Brussels: In an underground archive below NATO’s headquarters lies a key document that sets out the vision of both NATO and Russia about their future ties, as it was shaped almost a quarter of a century ago. The room is sealed. White gloves must be worn to handle the text.
“NATO and Russia do not consider each other as adversaries. They share the goal of overcoming the vestiges of earlier confrontation and competition and of strengthening mutual trust and cooperation,” reads the preamble of the NATO-Russia Founding Act, signed in May 1997.
Things looked brighter then, less than a decade after the Iron Curtain collapsed and relations between Moscow and the West had thawed. Today, with thousands of Ukrainians sheltering in bunkers across the country and with millions forced from their homes, the document appears to be a dead letter.
When the act was signed, the post-Cold War period was ushering in a time of defence spending cuts as the threat from Moscow receded. NATO and Russia made important pledges on arms control and improved transparency about their military activities.
Most importantly, they committed to limit the deployment of their forces in Europe.
On Wednesday, lamenting Russia’s “brutal invasion” of Ukraine, NATO Secretary-General Jens Stoltenberg said that Europe’s biggest land war in decades will “change our security environment” and will have “long-lasting consequences for our security, and for all NATO allies.”
In talks at NATO’s Brussels headquarters, US Defence Secretary Lloyd Austin and his counterparts are weighing what defences to set up on the organisation’s eastern flank, from Estonia in the north through Latvia, Lithuania and Poland down to Bulgaria and Romania on the Black Sea.
The aim is to deter President Vladimir Putin from ordering an invasion any of the 30 allies; not just for the duration of this war but for the next 5-10 years. Before launching it, Putin had demanded that NATO stop expanding and withdraw its forces from the east.
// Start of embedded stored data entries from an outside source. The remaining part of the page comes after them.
text \<open>Subtracting the frozen weight leaves (c x - c x0) \<integral>{a..x} \<alpha> q plus an integral whose weight
  c x0 (\<alpha> s - \<alpha> x0) vanishes at x0.\<close>

lemma integral_weighted_has_derivative_left:
  fixes c \<alpha> q :: "real \<Rightarrow> real"
  assumes q: "q absolutely_integrable_on {a..b}" and \<alpha>: "C-lipschitz_on {a..b} \<alpha>"
    and c: "(c has_real_derivative c') (at x0 within {a..b})" and x0: "x0 \<in> {a..b}"
  shows "((\<lambda>x. c x * integral {a..x} (\<lambda>s. \<alpha> s * q s) - c x0 * \<alpha> x0 * integral {a..x} q)
           has_real_derivative c' * integral {a..x0} (\<lambda>s. \<alpha> s * q s)) (at x0 within {a..b})"
proof -
  define A where "A = (\<lambda>x. integral {a..x} (\<lambda>s. \<alpha> s * q s))"
  define \<phi> where "\<phi> = (\<lambda>s. c x0 * (\<alpha> s - \<alpha> x0))"
  have \<alpha>q: "(\<lambda>s. \<alpha> s * q s) integrable_on {a..b}"
    using absolutely_integrable_continuous_mult[OF lipschitz_on_continuous_on[OF \<alpha>] q]
    by (rule set_lebesgue_integral_eq_integral(1))
  have qi: "q integrable_on {a..b}"
    using q by (rule set_lebesgue_integral_eq_integral(1))
  have \<phi>: "(\<bar>c x0\<bar> * (C + 0))-lipschitz_on {a..b} \<phi>"
    unfolding \<phi>_def by (intro lipschitz_intros \<alpha>)
  have split: "c x * A x - c x0 * \<alpha> x0 * integral {a..x} q
      = (c x - c x0) * A x + integral {a..x} (\<lambda>s. \<phi> s * q s)" if "x \<in> {a..b}" for x
  proof -
    have "(\<lambda>s. \<alpha> s * q s) integrable_on {a..x}" "q integrable_on {a..x}"
      using integrable_on_subinterval[OF \<alpha>q] integrable_on_subinterval[OF qi] that by auto
    then have "integral {a..x} (\<lambda>s. c x0 * (\<alpha> s * q s) - c x0 * \<alpha> x0 * q s)
        = c x0 * A x - c x0 * \<alpha> x0 * integral {a..x} q"
      unfolding A_def by (simp add: integral_diff integrable_on_mult_right)
    moreover have "(\<lambda>s. \<phi> s * q s) = (\<lambda>s. c x0 * (\<alpha> s * q s) - c x0 * \<alpha> x0 * q s)"
      unfolding \<phi>_def by (simp add: fun_eq_iff algebra_simps)
    ultimately show ?thesis
      by (simp add: algebra_simps)
  qed
  have "continuous (at x0 within {a..b}) A"
    using indefinite_integral_continuous_1[OF \<alpha>q] x0 unfolding A_def
    by (simp add: continuous_on_eq_continuous_within)
  then have "((\<lambda>x. (c x - c x0) * A x + integral {a..x} (\<lambda>s. \<phi> s * q s))
      has_real_derivative c' * A x0 + 0) (at x0 within {a..b})"
    by (intro DERIV_add DERIV_increment_mult_continuous c
        integral_vanishing_weight_has_derivative_zero[OF q \<phi> _ x0]) (simp_all add: \<phi>_def)
  then have "((\<lambda>x. (c x - c x0) * A x + integral {a..x} (\<lambda>s. \<phi> s * q s))
      has_real_derivative c' * A x0) (at x0 within {a..b})"
    by simp
  then have "((\<lambda>x. c x * A x - c x0 * \<alpha> x0 * integral {a..x} q) has_real_derivative c' * A x0)
      (at x0 within {a..b})"
    by (rule has_field_derivative_transform_within[OF _ zero_less_one x0]) (simp add: split)
  then show ?thesis
    unfolding A_def .
qed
The opposite is happening.
“We are reinforcing our collective defence – hundreds of thousands of troops on heightened alert, 100,000 US troops in Europe, and then 40,000 troops under direct NATO command, mostly in the eastern part of the alliance, supported by naval and air forces,” Stoltenberg said.
The ministers are expected to task NATO military commanders with drawing up options for stationing troops more permanently and in greater number in the east – unlike the rotating battle groups totaling around 5,000 troops that were deployed to the Baltic states and Poland in recent years.
Those options will be studied by NATO leaders at their next major summit in Madrid in June.
The opinion of US President Joe Biden and his NATO counterparts, who will also meet in Brussels next week, about the state of the NATO-Russia Founding Act could not be clearer.
In a statement last month, the leaders said that Russia’s actions are “a flagrant rejection of the principles enshrined in the NATO-Russia Founding Act: it is Russia that has walked away from its commitments under the Act.” “President Putin’s decision to attack Ukraine is a terrible strategic mistake, for which Russia will pay a severe price, both economically and politically, for years to come,” they said.